● **Data shown**:

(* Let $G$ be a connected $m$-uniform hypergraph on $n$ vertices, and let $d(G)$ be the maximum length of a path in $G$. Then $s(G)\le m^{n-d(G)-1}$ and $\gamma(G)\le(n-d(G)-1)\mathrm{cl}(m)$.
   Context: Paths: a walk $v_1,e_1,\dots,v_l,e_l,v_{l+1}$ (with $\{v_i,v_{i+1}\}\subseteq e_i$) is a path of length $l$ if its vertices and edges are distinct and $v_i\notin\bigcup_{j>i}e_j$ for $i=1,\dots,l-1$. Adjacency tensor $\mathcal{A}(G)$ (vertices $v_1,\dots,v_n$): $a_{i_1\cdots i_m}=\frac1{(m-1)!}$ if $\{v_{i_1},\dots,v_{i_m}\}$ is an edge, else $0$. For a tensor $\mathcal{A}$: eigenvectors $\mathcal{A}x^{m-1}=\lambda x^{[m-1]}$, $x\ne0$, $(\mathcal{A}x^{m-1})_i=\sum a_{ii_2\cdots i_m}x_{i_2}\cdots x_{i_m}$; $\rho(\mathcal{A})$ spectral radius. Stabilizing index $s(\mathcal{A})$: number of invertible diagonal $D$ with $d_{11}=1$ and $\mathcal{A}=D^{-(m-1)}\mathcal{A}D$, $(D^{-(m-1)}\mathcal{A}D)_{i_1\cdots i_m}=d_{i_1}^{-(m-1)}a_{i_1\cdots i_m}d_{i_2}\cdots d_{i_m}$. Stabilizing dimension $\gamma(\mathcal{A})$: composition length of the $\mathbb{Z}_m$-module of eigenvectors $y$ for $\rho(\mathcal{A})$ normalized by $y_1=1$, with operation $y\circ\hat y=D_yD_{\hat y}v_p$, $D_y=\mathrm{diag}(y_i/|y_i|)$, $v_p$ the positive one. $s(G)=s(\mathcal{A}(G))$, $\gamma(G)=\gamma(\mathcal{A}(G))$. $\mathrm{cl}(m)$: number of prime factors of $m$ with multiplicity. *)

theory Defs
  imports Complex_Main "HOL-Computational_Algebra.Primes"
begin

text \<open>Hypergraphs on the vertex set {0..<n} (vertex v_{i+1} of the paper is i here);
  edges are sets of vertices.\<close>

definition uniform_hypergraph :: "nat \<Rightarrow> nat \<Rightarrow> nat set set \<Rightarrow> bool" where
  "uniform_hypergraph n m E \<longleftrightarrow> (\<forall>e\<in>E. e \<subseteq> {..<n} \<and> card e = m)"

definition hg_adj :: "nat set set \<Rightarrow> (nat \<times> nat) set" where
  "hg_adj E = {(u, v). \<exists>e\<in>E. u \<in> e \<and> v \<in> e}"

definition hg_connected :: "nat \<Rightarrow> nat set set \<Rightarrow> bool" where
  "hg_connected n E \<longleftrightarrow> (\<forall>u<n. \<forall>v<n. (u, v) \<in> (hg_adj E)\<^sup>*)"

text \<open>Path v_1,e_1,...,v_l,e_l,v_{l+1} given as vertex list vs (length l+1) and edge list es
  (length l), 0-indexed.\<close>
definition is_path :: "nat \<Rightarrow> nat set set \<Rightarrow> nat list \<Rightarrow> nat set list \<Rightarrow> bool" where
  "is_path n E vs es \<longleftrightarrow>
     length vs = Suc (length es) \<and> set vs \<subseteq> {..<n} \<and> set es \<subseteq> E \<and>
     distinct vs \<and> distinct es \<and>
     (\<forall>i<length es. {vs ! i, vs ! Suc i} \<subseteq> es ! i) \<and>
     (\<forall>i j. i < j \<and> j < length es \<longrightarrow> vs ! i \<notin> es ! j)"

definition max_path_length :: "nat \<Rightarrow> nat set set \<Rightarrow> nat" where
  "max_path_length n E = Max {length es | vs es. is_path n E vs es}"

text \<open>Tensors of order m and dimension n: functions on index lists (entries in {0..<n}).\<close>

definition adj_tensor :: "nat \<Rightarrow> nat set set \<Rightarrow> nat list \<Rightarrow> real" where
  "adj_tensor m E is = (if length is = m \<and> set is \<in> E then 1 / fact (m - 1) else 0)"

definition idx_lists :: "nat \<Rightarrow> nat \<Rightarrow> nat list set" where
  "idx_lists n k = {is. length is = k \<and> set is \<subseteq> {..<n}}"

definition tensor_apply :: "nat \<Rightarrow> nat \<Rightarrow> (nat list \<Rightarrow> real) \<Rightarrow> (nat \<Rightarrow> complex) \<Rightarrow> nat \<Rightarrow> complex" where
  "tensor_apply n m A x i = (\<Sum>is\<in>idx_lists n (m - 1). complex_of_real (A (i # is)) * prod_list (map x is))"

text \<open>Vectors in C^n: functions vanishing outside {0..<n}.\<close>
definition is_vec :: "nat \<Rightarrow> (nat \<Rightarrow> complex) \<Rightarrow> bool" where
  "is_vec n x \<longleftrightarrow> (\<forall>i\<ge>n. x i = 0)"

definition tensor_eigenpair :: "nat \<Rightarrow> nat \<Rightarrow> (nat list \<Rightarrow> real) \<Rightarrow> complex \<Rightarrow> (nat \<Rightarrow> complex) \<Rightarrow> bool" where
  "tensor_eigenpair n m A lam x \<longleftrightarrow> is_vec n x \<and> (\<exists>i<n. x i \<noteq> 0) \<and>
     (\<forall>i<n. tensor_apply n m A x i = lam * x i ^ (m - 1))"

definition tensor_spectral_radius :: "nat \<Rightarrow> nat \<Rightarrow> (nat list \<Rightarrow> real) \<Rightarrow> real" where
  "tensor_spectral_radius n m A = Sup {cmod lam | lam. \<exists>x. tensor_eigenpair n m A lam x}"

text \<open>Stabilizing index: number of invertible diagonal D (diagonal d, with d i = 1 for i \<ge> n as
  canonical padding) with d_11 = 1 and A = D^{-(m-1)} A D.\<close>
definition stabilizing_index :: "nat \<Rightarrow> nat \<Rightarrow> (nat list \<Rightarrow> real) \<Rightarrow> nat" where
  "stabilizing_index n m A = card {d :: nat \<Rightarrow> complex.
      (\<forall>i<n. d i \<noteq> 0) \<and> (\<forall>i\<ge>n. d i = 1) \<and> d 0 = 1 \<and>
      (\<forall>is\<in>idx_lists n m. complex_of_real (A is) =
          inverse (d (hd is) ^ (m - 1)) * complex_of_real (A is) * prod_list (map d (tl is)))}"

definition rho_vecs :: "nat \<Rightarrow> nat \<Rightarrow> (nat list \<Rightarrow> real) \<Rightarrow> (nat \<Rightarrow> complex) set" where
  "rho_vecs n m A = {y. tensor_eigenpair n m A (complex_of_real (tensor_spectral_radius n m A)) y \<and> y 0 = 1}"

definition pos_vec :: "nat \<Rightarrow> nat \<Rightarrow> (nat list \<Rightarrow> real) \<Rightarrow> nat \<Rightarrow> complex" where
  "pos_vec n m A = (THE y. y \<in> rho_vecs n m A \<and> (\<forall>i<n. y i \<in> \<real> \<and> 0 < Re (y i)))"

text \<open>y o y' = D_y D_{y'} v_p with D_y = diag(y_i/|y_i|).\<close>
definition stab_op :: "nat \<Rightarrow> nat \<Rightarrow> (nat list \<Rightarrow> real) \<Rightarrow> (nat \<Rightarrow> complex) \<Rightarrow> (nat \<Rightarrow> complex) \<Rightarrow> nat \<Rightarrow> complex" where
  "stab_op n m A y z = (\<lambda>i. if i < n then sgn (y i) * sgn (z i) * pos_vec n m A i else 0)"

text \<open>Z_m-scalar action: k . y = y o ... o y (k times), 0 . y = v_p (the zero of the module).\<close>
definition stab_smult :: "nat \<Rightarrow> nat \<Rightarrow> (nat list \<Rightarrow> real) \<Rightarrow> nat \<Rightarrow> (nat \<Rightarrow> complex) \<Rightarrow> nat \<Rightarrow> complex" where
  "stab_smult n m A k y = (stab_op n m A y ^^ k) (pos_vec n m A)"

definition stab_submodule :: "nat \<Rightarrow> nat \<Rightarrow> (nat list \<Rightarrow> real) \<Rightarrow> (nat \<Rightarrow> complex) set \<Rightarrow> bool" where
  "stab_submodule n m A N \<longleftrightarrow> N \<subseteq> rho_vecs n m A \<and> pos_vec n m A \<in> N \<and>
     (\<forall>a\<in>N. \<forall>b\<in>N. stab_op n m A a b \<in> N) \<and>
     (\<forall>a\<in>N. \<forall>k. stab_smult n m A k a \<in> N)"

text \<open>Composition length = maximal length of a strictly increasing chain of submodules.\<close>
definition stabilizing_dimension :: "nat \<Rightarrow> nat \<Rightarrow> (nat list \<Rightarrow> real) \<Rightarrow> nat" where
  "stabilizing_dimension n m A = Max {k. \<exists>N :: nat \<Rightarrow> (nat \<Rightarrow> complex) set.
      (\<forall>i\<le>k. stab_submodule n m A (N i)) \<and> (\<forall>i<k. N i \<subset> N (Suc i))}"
...
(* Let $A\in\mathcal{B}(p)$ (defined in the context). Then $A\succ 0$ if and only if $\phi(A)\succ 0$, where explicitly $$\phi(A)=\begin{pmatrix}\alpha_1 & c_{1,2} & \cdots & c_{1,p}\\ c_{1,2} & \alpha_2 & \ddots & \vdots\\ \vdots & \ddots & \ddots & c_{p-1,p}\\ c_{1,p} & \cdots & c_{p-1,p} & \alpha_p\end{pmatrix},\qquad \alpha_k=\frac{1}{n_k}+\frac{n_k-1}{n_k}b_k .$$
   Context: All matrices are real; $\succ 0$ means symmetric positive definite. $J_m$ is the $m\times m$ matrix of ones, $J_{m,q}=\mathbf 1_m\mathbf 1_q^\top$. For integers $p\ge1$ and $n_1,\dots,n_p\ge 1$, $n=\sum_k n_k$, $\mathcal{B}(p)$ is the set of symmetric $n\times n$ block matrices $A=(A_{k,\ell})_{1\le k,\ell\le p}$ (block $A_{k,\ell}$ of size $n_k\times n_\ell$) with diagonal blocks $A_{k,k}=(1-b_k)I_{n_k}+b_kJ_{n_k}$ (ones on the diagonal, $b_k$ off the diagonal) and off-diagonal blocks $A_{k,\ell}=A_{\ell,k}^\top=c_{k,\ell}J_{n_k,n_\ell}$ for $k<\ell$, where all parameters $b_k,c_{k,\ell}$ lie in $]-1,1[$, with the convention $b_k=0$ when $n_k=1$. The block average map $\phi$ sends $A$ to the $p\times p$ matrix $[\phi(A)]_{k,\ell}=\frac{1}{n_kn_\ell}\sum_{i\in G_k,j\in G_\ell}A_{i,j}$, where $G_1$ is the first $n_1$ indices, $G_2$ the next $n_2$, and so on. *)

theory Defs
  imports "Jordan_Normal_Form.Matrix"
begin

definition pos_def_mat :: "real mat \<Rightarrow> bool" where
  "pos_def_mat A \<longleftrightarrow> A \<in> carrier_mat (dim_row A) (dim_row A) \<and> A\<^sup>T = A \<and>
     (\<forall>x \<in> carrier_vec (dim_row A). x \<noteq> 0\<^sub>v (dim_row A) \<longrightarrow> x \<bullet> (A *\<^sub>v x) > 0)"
* * *
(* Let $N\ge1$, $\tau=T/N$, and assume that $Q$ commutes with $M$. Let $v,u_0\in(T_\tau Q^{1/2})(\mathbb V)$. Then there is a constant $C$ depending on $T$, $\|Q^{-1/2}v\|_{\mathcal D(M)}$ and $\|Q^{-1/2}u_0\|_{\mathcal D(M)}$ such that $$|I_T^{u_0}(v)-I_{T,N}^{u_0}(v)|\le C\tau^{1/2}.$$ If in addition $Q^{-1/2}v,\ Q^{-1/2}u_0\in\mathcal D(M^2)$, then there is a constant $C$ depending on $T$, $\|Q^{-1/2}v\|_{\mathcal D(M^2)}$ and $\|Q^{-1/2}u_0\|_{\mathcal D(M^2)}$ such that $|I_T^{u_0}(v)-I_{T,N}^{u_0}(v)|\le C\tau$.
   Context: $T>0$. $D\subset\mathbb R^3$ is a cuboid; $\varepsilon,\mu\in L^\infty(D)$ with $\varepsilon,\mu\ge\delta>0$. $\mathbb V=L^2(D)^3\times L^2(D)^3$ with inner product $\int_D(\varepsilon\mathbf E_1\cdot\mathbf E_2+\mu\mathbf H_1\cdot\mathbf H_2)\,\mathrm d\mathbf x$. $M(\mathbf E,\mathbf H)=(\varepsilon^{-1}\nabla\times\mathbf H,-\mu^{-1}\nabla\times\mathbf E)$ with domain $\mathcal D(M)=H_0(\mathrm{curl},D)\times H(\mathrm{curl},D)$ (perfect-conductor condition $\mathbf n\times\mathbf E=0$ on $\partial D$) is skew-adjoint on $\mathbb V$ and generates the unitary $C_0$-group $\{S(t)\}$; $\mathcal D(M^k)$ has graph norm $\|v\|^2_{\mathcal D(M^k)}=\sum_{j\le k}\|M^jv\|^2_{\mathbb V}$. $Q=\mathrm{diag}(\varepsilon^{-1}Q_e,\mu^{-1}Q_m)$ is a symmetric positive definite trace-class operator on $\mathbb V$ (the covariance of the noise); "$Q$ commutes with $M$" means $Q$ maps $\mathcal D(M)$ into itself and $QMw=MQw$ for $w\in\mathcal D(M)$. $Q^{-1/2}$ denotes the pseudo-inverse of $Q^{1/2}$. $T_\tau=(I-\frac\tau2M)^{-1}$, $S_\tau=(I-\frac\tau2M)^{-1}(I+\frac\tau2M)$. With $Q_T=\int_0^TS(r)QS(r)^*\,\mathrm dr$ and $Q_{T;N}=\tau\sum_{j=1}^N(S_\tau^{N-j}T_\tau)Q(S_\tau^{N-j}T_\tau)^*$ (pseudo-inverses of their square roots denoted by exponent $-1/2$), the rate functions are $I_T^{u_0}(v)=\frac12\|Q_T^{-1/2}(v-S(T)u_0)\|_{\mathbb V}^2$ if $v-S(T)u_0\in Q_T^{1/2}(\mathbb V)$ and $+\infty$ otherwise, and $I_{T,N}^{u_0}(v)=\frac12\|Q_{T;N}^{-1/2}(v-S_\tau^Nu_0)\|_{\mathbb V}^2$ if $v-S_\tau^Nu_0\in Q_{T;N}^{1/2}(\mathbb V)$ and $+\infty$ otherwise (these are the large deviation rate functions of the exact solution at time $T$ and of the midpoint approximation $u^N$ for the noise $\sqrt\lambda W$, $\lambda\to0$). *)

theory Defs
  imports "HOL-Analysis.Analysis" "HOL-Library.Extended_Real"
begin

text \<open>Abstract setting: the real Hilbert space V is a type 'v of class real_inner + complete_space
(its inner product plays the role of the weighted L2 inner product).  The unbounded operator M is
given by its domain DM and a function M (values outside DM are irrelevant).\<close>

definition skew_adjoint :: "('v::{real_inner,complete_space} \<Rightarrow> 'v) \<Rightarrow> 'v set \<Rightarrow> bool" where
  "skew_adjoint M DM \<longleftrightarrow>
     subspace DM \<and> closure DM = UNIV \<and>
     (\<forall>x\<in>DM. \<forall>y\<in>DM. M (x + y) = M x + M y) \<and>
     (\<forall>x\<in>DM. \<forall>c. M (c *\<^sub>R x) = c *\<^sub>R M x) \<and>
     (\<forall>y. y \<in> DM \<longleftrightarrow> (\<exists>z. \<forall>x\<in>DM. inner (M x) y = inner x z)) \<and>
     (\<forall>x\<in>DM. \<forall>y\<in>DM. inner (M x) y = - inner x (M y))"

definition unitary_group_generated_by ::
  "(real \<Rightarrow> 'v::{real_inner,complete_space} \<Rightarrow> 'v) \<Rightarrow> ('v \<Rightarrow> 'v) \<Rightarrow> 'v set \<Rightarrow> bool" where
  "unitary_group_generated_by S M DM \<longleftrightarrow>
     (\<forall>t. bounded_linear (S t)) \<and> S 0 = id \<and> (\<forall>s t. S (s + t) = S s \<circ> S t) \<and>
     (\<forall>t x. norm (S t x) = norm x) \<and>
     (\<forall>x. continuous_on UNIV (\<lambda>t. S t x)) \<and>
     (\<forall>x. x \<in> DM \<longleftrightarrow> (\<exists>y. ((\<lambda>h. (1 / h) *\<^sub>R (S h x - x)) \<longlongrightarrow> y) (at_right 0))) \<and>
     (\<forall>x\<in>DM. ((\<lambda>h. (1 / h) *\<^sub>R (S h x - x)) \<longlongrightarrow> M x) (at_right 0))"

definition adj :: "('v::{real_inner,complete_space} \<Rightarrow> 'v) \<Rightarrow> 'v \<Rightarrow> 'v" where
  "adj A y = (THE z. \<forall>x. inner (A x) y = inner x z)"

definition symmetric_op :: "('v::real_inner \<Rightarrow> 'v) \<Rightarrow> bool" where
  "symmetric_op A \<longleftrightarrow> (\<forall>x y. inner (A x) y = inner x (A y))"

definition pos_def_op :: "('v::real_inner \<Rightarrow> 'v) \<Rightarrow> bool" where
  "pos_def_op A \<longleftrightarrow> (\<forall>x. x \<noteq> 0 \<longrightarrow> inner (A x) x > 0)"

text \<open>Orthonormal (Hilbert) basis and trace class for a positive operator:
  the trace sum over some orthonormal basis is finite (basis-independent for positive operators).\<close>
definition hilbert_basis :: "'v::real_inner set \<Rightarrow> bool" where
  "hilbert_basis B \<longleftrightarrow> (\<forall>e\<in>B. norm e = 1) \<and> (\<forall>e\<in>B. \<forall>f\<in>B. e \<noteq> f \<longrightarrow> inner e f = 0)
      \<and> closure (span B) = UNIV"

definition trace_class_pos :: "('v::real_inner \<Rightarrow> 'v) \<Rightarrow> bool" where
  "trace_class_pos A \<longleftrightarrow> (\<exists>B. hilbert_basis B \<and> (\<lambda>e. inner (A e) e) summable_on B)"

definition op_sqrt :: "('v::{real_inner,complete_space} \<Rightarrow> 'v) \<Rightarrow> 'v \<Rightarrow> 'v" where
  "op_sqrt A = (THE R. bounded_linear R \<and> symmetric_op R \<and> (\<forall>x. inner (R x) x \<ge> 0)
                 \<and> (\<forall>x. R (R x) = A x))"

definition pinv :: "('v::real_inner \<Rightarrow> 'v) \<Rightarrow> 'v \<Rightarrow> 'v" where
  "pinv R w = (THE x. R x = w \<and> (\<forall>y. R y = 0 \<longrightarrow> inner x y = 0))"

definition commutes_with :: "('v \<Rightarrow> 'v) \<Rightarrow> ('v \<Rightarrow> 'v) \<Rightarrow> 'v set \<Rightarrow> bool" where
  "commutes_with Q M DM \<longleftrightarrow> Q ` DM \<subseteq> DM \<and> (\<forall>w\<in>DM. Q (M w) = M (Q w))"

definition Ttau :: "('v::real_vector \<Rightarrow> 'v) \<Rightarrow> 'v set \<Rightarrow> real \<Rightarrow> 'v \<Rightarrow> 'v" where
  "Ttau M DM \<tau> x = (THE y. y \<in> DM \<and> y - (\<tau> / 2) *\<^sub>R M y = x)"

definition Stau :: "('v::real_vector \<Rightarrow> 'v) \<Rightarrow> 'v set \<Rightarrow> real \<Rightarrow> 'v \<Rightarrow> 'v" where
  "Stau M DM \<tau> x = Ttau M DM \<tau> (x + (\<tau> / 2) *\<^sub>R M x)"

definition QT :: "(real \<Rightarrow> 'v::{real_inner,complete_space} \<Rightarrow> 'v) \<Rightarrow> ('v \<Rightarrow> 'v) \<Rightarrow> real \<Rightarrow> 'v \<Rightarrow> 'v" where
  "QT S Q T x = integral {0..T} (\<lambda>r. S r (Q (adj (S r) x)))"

● **Work instruction**: Count the lines in the listing where the string "outside" appears. Answer with the number only.

● **Solution**: 2